Artigo escrito por Dr. Cleuton Lima Miranda

Você fumou maconha estragada? Foi o que li de resposta de dois cidadãos ao tentar explicar num grupo de whatsApp que quanto mais degradamos o meio ambiente mais sujeitos às doenças desconhecidas estamos. Continuarei falando, escrevendo, alertando como cidadão, docente, pesquisador e biólogo. Isso não me afeta de modo algum.

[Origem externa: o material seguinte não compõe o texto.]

theorem corollary1p6:
  shows "\<exists>(V :: nat set) E. simple_graph V E \<and> card V = 3 \<and>
     (\<exists>R :: nat ring. cring R \<and> noetherian_ring R \<and>
        graph_iso (GammaE_V R) (GammaE_E R) V E) \<and>
     (\<forall>(R :: 'a ring) (W :: 'w set) F.
        cring R \<and> noetherian_ring R \<and> simple_graph W F \<and> card W = 3 \<and>
        graph_iso (GammaE_V R) (GammaE_E R) W F \<longrightarrow> graph_iso W F V E)"
proof (intro exI[of _ "{..<3}"] exI[of _ "path_adj 3"] conjI allI impI)
  show "simple_graph {..<3} (path_adj 3)" by (rule simple_graph_path_adj)
  show "card {..<3 :: nat} = 3" by simp
  have "cring (zmod_ring 16)" "noetherian_ring (zmod_ring 16)"
    by (simp_all add: cring_zmod_ring noetherian_ring_zmod_ring)
  then show "\<exists>R :: nat ring. cring R \<and> noetherian_ring R \<and>
      graph_iso (GammaE_V R) (GammaE_E R) {..<3} (path_adj 3)"
    using graph_iso_GammaE_zmod_16 by blast
next
  fix R :: "'a ring" and W :: "'w set" and F
  assume "cring R \<and> noetherian_ring R \<and> simple_graph W F \<and> card W = 3 \<and>
      graph_iso (GammaE_V R) (GammaE_E R) W F"
  then have R: "cring R" and "card W = 3" and iso: "graph_iso (GammaE_V R) (GammaE_E R) W F"
    by simp_all
  then have "card (GammaE_V R) = 3"
    unfolding graph_iso_def by (metis bij_betw_same_card)
  then have "graph_iso (GammaE_V R) (GammaE_E R) {..<3} (path_adj 3)"
    by (rule cring.GammaE_graph_iso_path3[OF R])
  then show "graph_iso W F {..<3} (path_adj 3)"
    by (rule graph_iso_trans[OF graph_iso_sym[OF iso]])
qed

end
(* Assume $\kappa\ge\|f'\|_{C[-\beta,\beta]}$ and $\|\phi^0\|_\infty\le\beta$. If $$\tau_1\le\Big(\frac{4}{11\varsigma m(\kappa+4\varepsilon^2/h^2)\Gamma(2-\alpha)}\Big)^{1/\alpha},$$ then the $L2$-$1_\sigma$ first-step iterates satisfy $\|\hat\phi^1_{(s)}\|_\infty\le\beta$ for all $s\ge1$. If moreover $$\tau_1\le\Big(\frac{4}{11\kappa(1-\varsigma)m\Gamma(2-\alpha)}\Big)^{1/\alpha},$$ then the iterates converge in $\|\cdot\|_\infty$ to a solution $\hat\phi^1$ of the $L2$-$1_\sigma$ nonlinear first-step equation with $\|\hat\phi^1\|_\infty\le\beta$, and this is its unique solution with $\|\hat\phi^1\|_\infty\le\beta$.
   Context: Setting: $\Omega=(0,L)^2$ with periodic boundary conditions; constants $m>0$, $\varepsilon>0$, $\alpha\in(0,1)$, and $\varsigma:=\alpha/2$. The nonlinearity $f=-F'$ is one of: (double-well) $F(\phi)=\frac14(1-\phi^2)^2$, $f(\phi)=\phi-\phi^3$, with $\beta=1$; or (Flory–Huggins) $F(\phi)=\frac{\theta}{2}[(1+\phi)\ln(1+\phi)+(1-\phi)\ln(1-\phi)]-\frac{\theta_c}{2}\phi^2$, $f(\phi)=\frac{\theta}{2}\ln\frac{1-\phi}{1+\phi}+\theta_c\phi$ on $(-1,1)$, with $\theta_c>\theta>0$ and $\beta\in(0,1)$ the positive root of $f$. In both cases $f(\pm\beta)=0$. Spatial discretization: $M\in\mathbb N$, $h=L/M$; $\mathbb V_h$ is the space of real grid functions $v=\{v_{ij}\}_{i,j\in\mathbb Z}$ that are $M$-periodic in each index; $\|v\|_\infty=\max_{1\le i,j\le M}|v_{ij}|$; $\Delta_hv_{ij}=h^{-2}(v_{i+1,j}+v_{i-1,j}+v_{i,j+1}+v_{i,j-1}-4v_{ij})$. Scalar functions act on grid functions pointwise. Time grid $0=t_0<t_1$, $\tau_1=t_1$; $\omega_\mu(t)=t^{\mu-1}/\Gamma(\mu)$. Constant $\kappa\ge0$; $\phi^0\in\mathbb V_h$. First step of the $L2$-$1_\sigma$ schemes: $B^{(1)}_0=\frac1{\tau_1}\int_{0}^{t_{1-\varsigma}}\omega_{1-\alpha}(t_{1-\varsigma}-s)\,ds=\frac{(1-\varsigma)^{1-\alpha}}{\Gamma(2-\alpha)\tau_1^\alpha}$ with $t_{1-\varsigma}=(1-\varsigma)t_1$. The nonlinear first-step equation for $\hat\phi^1\in\mathbb V_h$ is $B^{(1)}_0(\hat\phi^1-\phi^0)=m(\varepsilon^2\Delta_h\hat\phi^{1-\varsigma}+f(\hat\phi^{1-\varsigma}))$ with $\hat\phi^{1-\varsigma}=(1-\varsigma)\hat\phi^1+\varsigma\phi^0$. The first-step iteration is $\hat\phi^1_{(0)}=\phi^0$ and, for $s\ge1$, $B^{(1)}_0(\hat\phi^1_{(s)}-\phi^0)=m(\varepsilon^2\Delta_h\hat\phi^{1-\varsigma}_{(s)}+f(\hat\phi^{1-\varsigma}_{(s-1)})-\kappa(\hat\phi^{1-\varsigma}_{(s)}-\hat\phi^{1-\varsigma}_{(s-1)}))$, where $\hat\phi^{1-\varsigma}_{(\ell)}=(1-\varsigma)\hat\phi^1_{(\ell)}+\varsigma\phi^0$. *)

theory Defs
  imports "HOL-Analysis.Analysis"
begin
lemma has_field_derivative_murphy_frac:
  assumes "e * e = 1" "z + e \<noteq> 0"
  shows "(murphy_frac e m p has_field_derivative
           murphy_frac e (Suc m) ([:1, 1:] * pderiv p - smult (of_nat m) p) z) (at z)"
proof -
  define y where "y = (e*z - 1)/2"
  define W where "W = z + e"
  have "W \<noteq> 0" using assms(2) by (simp add: W_def)
  have "((\<lambda>z. (z + e)^m) has_field_derivative of_nat m * W^(m - 1)) (at z)"
    unfolding W_def by (rule derivative_eq_intros refl | simp)+
  then have D: "(murphy_frac e m p has_field_derivative
      (poly (pderiv p) y * (e/2) * W^m - poly p y * (of_nat m * W^(m - 1))) / (W^m * W^m)) (at z)"
    unfolding murphy_frac_def y_def W_def
    by (intro DERIV_divide has_field_derivative_poly_affine) (use assms(2) in auto)
  have "(poly (pderiv p) y * (e/2) * W^m - poly p y * (of_nat m * W^(m - 1))) / (W^m * W^m)
      = (poly (pderiv p) y * (e/2 * W) - of_nat m * poly p y) / W^Suc m"
    using \<open>W \<noteq> 0\<close> by (cases m) (simp_all add: field_simps)
  also have "e/2 * W = y + 1" using assms(1) by (simp add: y_def W_def field_simps)
  also have "(poly (pderiv p) y * (y + 1) - of_nat m * poly p y) / W^Suc m
      = murphy_frac e (Suc m) ([:1, 1:] * pderiv p - smult (of_nat m) p) z"
    unfolding murphy_frac_def y_def[symmetric] W_def[symmetric] by (simp add: algebra_simps)
  finally show ?thesis using D by simp
qed

definition fact_ratio :: "nat \<Rightarrow> nat \<Rightarrow> complex" where
  "fact_ratio n m = fact (n + m) / fact (n - m)"

lemma fact_ratio_Suc:
  assumes "m < n"
  shows "fact_ratio n (Suc m) = fact_ratio n m * of_nat ((n+m+1)*(n-m))"
proof -
  have "n + Suc m = Suc (n + m)" and nm: "n - m = Suc (n - Suc m)" using assms by auto
  moreover have "(of_nat ((n+m+1)*(n-m)) :: complex) = of_nat (n + m + 1) * of_nat (n - Suc m + 1)"
    by (simp only: nm of_nat_mult Suc_eq_plus1)
  ultimately show ?thesis
    by (simp only: fact_ratio_def fact_Suc_complex) (simp add: field_simps del: of_nat_add of_nat_Suc)
qed

lemma has_field_derivative_murphy_legendre:
  assumes "m \<le> n" "e * e = 1" "z + e \<noteq> 0"
  shows "((\<lambda>z. e^n * fact_ratio n m * murphy_frac e m (murphy_poly n m) z) has_field_derivative
           e^n * fact_ratio n m * of_nat ((n+m+1)*(n-m))
             * murphy_frac e (Suc m) (murphy_poly n (Suc m)) z) (at z)"
proof -
  have "((\<lambda>z. e^n * fact_ratio n m * murphy_frac e m (murphy_poly n m) z) has_field_derivative
      e^n * fact_ratio n m * murphy_frac e (Suc m)
        ([:1, 1:] * pderiv (murphy_poly n m) - smult (of_nat m) (murphy_poly n m)) z) (at z)"
    by (intro DERIV_cmult has_field_derivative_murphy_frac assms)
  then show ?thesis by (simp only: murphy_poly_rec[OF assms(1)] murphy_frac_smult mult.assoc)
qed

lemma legendre_deriv_murphy:
  assumes "m \<le> n" "e * e = 1" "z + e \<noteq> 0"
  shows "legendre_deriv n m z = e^n * fact_ratio n m * murphy_frac e m (murphy_poly n m) z"
  using assms(1,3)
proof (induction m arbitrary: z)
  case 0
  then show ?case
    by (simp add: legendre_deriv_0 legendreP_murphy_sign[OF assms(2)] fact_ratio_def murphy_frac_def)
next
  case (Suc m)
  have "m < n" using Suc.prems(1) by simp
  have S: "open (- {-e})" "z \<in> - {-e}" using Suc.prems(2) by (auto simp: add_eq_0_iff)
  have "legendre_deriv n m w = e^n * fact_ratio n m * murphy_frac e m (murphy_poly n m) w"
    if "w \<in> - {-e}" for w
    using Suc.IH[of w] \<open>m < n\<close> that by (simp add: add_eq_0_iff2)
  then have "((\<lambda>w. e^n * fact_ratio n m * murphy_frac e m (murphy_poly n m) w)
      has_field_derivative legendre_deriv n (Suc m) z) (at z)"
    by (rule has_field_derivative_transform_within_open
        [OF has_field_derivative_legendre_deriv[OF \<open>m < n\<close>] S])
  then have "legendre_deriv n (Suc m) z = e^n * fact_ratio n m * of_nat ((n+m+1)*(n-m))
      * murphy_frac e (Suc m) (murphy_poly n (Suc m)) z"
    using has_field_derivative_murphy_legendre[OF less_imp_le[OF \<open>m < n\<close>] assms(2) Suc.prems(2)]
    by (rule DERIV_unique)
  then show ?case by (simp only: fact_ratio_Suc[OF \<open>m < n\<close>] mult.assoc)
qed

Aqui no Brasil, no meio-norte, temos vários animais caçados que tem microorganismos nocivos ao homem dentro deles e por isso chamamos esses animais de reservatórios naturais, pois não são afetados pelos vírus ou bactérias que carregam consigo, mas podem transmitir estes patógenos ao homem causando-lhes doenças até crônicas e incuráveis: doença de Chagas e hanseaníase podem ser citadas para nossa região; há várias outras, certamente muitas nem conhecemos ainda.

Nesse sentido, meus amigos e amigas, as nossas florestas formam uma “barreira natural” que nos protege de doenças conhecidas e desconhecidas, ao mesmo tempo que protege a fauna, a biodiversidade de nossas motosserras, ignorâncias e ganâncias.

Essa pandemia atual (Cod-19) já tinha sido alertada pela Organização Mundial da Saúde (OMS), aliás, existem outros microorganismos que podem ocasionar epidemias/pandemias numa lista e as autoridades, governantes mundiais sabem. Por que não tomaram nenhuma atitude? Talvez porque poderia barrar o progresso, a obtenção de minérios com a diminuição dos desmatamentos, atrapalharia a economia etc. Será que agora estes governantes terão um novo “olhar” para as questões ambientais e potenciais epidemias/pandemias? Não sei. E nós teremos? Prezaram tanto pela economia que no fim das contas uma pandemia está fazendo a economia mundial desabar. “O tiro saiu pela culatra ou foi no pé e na barriga”?

Enquanto isso no Brasil varonil: aumento de desmatamento da Amazônia (chegou a 278% com perda de um fundo de 2,5 bilhões para proteger a Amazônia), mais de 40% de corte para Ciência e Tecnologia, 30% de cortes para Universidades e Institutos públicos que geram mais de 80% da pesquisa nesse país, humilhação de pesquisadores, fake news de plantações de maconhas, balbúrdias muitas, cortes de bolsas de mestrado e doutorado, anti-intelectualismo, anticiência, liberação de mais de 40 agrotóxicos em um ano (alguns proibidos em países como Estados Unidos e europeus) nos envenenando e

contaminando nossas reservas de água doce de valor incalculável e por aí vai. Agora pedem ajuda a estes “crápulas” plantadores de maconha, inúteis e promotores de balbúrdia. Certamente receberão, aliás, já estão recebendo, pois o povo está acima de terraplanistas, fascistas e lesa pátrias e vidas.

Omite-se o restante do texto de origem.